### Problem to solve
Your answer should be a single number: the count of lines in the records below containing the word "define".
--------------------------------------------------
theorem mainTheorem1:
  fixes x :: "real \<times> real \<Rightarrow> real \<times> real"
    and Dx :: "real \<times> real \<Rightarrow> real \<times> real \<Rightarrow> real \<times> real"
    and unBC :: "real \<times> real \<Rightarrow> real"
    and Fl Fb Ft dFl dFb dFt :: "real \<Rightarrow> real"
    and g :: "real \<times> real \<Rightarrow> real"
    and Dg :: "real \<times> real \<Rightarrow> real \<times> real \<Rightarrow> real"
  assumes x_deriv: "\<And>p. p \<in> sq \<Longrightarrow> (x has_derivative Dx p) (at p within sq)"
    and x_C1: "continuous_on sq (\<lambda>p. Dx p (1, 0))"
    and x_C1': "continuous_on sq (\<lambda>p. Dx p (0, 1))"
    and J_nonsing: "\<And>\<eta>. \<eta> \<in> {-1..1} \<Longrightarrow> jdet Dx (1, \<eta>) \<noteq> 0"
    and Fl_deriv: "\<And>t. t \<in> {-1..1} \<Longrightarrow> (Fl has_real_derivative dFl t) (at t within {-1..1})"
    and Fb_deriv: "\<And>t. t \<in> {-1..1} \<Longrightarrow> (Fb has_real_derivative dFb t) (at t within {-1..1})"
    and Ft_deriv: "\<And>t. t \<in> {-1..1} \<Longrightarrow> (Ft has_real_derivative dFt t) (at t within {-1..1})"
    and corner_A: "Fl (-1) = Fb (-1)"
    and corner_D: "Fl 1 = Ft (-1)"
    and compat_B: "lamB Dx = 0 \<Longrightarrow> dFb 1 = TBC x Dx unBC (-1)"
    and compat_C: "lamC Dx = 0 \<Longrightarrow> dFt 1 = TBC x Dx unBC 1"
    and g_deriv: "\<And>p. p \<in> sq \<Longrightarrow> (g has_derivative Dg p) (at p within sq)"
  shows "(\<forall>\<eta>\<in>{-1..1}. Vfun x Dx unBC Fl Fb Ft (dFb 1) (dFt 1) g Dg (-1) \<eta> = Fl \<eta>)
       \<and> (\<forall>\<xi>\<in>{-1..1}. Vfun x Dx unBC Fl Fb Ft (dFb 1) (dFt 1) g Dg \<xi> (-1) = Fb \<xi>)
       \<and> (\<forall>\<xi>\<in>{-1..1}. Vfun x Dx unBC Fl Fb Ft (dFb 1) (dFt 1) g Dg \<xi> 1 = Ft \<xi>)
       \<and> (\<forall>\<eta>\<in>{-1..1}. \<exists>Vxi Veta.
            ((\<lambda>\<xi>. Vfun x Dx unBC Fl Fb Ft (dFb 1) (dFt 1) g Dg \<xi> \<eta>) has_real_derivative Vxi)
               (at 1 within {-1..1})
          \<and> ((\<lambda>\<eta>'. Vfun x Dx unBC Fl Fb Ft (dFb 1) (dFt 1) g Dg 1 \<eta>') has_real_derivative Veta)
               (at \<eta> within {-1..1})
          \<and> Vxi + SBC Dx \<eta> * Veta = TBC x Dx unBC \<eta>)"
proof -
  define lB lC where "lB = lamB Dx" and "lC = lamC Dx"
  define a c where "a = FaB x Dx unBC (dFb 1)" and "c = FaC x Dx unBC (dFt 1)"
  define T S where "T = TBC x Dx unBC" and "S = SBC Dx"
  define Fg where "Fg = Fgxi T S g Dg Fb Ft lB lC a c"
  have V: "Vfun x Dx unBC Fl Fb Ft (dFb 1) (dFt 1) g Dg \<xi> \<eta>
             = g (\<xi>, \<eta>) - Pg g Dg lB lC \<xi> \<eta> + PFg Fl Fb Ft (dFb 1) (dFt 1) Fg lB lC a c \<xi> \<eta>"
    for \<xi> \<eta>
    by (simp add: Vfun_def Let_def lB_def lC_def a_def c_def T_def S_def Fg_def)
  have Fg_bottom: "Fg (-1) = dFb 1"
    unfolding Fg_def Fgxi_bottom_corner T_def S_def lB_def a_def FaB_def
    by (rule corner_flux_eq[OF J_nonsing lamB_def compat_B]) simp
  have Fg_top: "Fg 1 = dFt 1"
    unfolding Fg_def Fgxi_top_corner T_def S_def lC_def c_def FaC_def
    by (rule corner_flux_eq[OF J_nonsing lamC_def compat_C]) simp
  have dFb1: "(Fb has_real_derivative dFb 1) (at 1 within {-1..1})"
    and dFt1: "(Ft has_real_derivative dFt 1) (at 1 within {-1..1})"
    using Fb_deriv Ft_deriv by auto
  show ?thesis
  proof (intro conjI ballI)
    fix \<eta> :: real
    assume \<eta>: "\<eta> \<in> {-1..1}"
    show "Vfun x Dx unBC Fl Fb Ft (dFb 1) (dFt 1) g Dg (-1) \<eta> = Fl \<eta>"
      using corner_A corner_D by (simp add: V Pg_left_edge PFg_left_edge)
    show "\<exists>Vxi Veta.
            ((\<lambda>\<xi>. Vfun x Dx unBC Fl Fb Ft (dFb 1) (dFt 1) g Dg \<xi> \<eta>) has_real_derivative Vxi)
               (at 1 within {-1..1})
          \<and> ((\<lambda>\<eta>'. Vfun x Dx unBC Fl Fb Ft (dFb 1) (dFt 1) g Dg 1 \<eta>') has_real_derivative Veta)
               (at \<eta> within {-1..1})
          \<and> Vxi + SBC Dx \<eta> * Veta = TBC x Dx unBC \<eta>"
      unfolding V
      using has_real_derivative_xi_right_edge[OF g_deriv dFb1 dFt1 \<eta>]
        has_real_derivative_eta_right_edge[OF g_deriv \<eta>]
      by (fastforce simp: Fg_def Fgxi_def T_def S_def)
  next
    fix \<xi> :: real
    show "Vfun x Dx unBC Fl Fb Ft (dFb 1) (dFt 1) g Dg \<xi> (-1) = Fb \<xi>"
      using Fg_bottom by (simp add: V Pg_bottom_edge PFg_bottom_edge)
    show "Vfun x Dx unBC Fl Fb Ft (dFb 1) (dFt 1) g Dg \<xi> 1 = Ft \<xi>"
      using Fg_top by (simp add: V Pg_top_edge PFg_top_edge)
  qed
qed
--------------------------------------------------
### Your response
4